(Beginning of INFORMATION SUPPLIED)

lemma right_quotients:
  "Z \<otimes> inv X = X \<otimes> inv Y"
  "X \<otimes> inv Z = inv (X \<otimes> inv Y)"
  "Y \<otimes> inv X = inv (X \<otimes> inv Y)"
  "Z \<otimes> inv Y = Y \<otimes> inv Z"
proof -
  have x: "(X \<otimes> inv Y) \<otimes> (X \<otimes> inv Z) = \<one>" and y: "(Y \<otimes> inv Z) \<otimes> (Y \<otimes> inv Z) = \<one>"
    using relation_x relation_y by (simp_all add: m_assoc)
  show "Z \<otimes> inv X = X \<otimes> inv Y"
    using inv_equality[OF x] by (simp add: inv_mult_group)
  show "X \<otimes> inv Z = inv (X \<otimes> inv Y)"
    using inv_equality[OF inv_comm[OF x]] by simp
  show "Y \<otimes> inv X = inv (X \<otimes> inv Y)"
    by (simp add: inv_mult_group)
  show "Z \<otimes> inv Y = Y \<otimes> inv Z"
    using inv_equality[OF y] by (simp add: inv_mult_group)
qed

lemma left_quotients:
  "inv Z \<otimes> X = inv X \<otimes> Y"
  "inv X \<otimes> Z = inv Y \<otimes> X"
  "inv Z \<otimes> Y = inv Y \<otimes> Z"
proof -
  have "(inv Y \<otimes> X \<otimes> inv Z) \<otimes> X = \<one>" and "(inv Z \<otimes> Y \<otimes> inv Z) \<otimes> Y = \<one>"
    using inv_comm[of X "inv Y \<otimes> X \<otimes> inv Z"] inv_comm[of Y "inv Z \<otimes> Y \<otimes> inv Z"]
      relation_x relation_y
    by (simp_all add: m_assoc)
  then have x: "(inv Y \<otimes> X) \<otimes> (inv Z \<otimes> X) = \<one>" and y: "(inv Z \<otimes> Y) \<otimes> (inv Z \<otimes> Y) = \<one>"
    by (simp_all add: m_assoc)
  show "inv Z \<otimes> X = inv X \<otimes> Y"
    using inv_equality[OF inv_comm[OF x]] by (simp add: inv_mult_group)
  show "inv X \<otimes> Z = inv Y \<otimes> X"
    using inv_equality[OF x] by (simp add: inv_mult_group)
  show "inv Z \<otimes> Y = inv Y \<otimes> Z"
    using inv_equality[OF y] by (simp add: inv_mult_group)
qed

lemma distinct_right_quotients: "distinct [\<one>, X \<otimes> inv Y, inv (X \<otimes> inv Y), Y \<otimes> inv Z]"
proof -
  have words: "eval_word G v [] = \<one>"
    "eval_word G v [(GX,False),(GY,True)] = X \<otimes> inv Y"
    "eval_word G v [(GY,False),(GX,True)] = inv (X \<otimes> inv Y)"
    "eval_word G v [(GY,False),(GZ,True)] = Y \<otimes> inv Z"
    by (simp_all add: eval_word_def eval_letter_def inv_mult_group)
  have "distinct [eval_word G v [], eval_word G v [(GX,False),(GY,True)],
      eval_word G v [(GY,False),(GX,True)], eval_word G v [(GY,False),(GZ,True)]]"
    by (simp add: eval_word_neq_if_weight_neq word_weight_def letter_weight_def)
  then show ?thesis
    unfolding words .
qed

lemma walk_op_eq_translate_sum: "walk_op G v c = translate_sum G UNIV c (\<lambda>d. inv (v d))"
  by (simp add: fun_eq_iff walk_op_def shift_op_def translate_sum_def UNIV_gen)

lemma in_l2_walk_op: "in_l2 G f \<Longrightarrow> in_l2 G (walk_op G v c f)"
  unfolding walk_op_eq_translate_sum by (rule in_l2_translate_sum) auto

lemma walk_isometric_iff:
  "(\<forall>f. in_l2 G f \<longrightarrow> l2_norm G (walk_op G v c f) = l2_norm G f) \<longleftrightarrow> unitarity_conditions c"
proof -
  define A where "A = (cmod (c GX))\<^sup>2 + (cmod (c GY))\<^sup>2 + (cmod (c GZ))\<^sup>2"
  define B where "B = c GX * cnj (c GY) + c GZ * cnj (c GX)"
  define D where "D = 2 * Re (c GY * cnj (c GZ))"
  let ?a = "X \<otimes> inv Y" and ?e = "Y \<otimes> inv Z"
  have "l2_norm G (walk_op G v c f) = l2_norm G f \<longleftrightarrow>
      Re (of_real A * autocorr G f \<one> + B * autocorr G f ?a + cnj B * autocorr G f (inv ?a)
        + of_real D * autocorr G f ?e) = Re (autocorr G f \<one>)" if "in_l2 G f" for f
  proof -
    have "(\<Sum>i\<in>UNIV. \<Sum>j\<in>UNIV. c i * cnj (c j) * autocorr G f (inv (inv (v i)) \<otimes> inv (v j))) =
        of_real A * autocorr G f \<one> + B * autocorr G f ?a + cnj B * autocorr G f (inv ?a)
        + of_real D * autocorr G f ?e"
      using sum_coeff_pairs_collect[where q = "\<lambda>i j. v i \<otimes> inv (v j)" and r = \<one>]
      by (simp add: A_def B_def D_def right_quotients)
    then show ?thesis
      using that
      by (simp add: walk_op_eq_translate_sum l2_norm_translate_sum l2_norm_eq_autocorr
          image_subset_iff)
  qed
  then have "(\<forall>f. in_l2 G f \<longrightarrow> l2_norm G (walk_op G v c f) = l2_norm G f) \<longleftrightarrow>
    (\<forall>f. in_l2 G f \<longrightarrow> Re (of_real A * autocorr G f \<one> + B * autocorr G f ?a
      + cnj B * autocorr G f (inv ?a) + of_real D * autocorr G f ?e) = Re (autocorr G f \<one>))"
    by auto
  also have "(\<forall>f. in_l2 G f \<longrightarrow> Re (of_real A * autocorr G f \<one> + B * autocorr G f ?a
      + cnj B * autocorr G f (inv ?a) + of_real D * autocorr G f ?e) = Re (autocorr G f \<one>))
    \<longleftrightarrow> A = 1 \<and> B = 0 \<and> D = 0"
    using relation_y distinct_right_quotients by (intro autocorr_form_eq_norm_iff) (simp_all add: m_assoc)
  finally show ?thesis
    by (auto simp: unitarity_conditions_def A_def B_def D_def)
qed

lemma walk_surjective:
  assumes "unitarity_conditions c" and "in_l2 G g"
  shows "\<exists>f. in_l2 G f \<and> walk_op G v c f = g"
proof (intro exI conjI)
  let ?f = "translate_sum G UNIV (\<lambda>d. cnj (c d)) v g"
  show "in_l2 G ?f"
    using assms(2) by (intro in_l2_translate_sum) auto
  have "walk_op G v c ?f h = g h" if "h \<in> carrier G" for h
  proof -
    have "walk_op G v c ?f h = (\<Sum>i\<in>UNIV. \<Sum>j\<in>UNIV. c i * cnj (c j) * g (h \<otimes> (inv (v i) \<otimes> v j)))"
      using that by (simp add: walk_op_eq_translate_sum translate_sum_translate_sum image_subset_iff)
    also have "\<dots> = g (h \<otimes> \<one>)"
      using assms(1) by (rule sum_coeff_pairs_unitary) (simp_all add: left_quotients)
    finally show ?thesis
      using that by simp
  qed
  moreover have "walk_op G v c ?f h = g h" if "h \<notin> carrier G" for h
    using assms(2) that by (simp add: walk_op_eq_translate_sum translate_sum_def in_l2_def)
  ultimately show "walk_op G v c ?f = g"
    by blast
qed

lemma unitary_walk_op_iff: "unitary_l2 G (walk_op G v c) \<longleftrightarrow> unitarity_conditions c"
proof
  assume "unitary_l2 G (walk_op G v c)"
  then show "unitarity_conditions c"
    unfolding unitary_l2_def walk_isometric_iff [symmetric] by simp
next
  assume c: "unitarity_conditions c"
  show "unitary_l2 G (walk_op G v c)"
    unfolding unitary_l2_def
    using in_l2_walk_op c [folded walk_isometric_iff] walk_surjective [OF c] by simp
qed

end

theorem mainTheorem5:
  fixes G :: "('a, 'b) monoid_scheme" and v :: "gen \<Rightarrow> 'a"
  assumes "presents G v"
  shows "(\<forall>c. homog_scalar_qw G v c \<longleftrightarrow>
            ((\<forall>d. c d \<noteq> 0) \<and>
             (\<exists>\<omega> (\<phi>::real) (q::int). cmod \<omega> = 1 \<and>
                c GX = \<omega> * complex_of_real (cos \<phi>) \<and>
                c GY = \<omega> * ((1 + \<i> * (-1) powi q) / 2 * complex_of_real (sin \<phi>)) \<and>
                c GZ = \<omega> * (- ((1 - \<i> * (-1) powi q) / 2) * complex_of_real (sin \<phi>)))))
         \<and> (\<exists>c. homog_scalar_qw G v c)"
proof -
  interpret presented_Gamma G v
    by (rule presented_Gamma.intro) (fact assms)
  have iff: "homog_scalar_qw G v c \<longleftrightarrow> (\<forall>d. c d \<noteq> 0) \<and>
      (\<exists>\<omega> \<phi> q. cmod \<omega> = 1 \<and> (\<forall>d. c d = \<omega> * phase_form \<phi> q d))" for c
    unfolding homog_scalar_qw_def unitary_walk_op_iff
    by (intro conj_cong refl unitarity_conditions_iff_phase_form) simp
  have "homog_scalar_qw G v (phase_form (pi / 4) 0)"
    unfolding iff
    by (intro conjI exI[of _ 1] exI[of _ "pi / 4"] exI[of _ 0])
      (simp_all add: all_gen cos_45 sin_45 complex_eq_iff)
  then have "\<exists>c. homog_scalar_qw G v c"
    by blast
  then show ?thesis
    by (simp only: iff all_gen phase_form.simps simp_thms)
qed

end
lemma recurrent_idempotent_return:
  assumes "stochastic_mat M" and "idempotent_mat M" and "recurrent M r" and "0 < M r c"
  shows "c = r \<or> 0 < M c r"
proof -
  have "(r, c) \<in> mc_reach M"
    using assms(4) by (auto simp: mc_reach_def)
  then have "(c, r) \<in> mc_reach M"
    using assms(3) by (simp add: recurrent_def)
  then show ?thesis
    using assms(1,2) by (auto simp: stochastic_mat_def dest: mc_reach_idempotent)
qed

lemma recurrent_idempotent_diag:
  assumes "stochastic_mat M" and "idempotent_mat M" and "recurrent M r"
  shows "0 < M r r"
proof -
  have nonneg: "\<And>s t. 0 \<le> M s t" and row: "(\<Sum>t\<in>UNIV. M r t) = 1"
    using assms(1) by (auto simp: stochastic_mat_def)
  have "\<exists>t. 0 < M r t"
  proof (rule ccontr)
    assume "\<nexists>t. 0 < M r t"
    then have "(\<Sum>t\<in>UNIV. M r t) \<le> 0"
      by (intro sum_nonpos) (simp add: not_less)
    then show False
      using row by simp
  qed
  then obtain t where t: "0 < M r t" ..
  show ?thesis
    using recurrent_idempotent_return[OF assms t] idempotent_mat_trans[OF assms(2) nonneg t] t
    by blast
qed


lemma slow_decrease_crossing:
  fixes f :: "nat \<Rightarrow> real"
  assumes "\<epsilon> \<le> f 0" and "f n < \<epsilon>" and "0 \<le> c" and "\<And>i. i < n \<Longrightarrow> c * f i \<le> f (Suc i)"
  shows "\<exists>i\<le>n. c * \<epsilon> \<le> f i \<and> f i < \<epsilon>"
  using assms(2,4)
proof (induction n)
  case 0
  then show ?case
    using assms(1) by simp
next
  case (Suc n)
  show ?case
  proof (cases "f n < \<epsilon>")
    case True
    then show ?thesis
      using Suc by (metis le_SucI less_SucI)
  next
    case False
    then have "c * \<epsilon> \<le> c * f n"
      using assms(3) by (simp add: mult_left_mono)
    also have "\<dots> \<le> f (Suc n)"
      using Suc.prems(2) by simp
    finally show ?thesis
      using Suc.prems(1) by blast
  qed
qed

(End of INFORMATION SUPPLIED)

Each line that holds the string "powi" is to be copied from the entries above.

                c GY = \<omega> * ((1 + \<i> * (-1) powi q) / 2 * complex_of_real (sin \<phi>)) \<and>
                c GZ = \<omega> * (- ((1 - \<i> * (-1) powi q) / 2) * complex_of_real (sin \<phi>)))))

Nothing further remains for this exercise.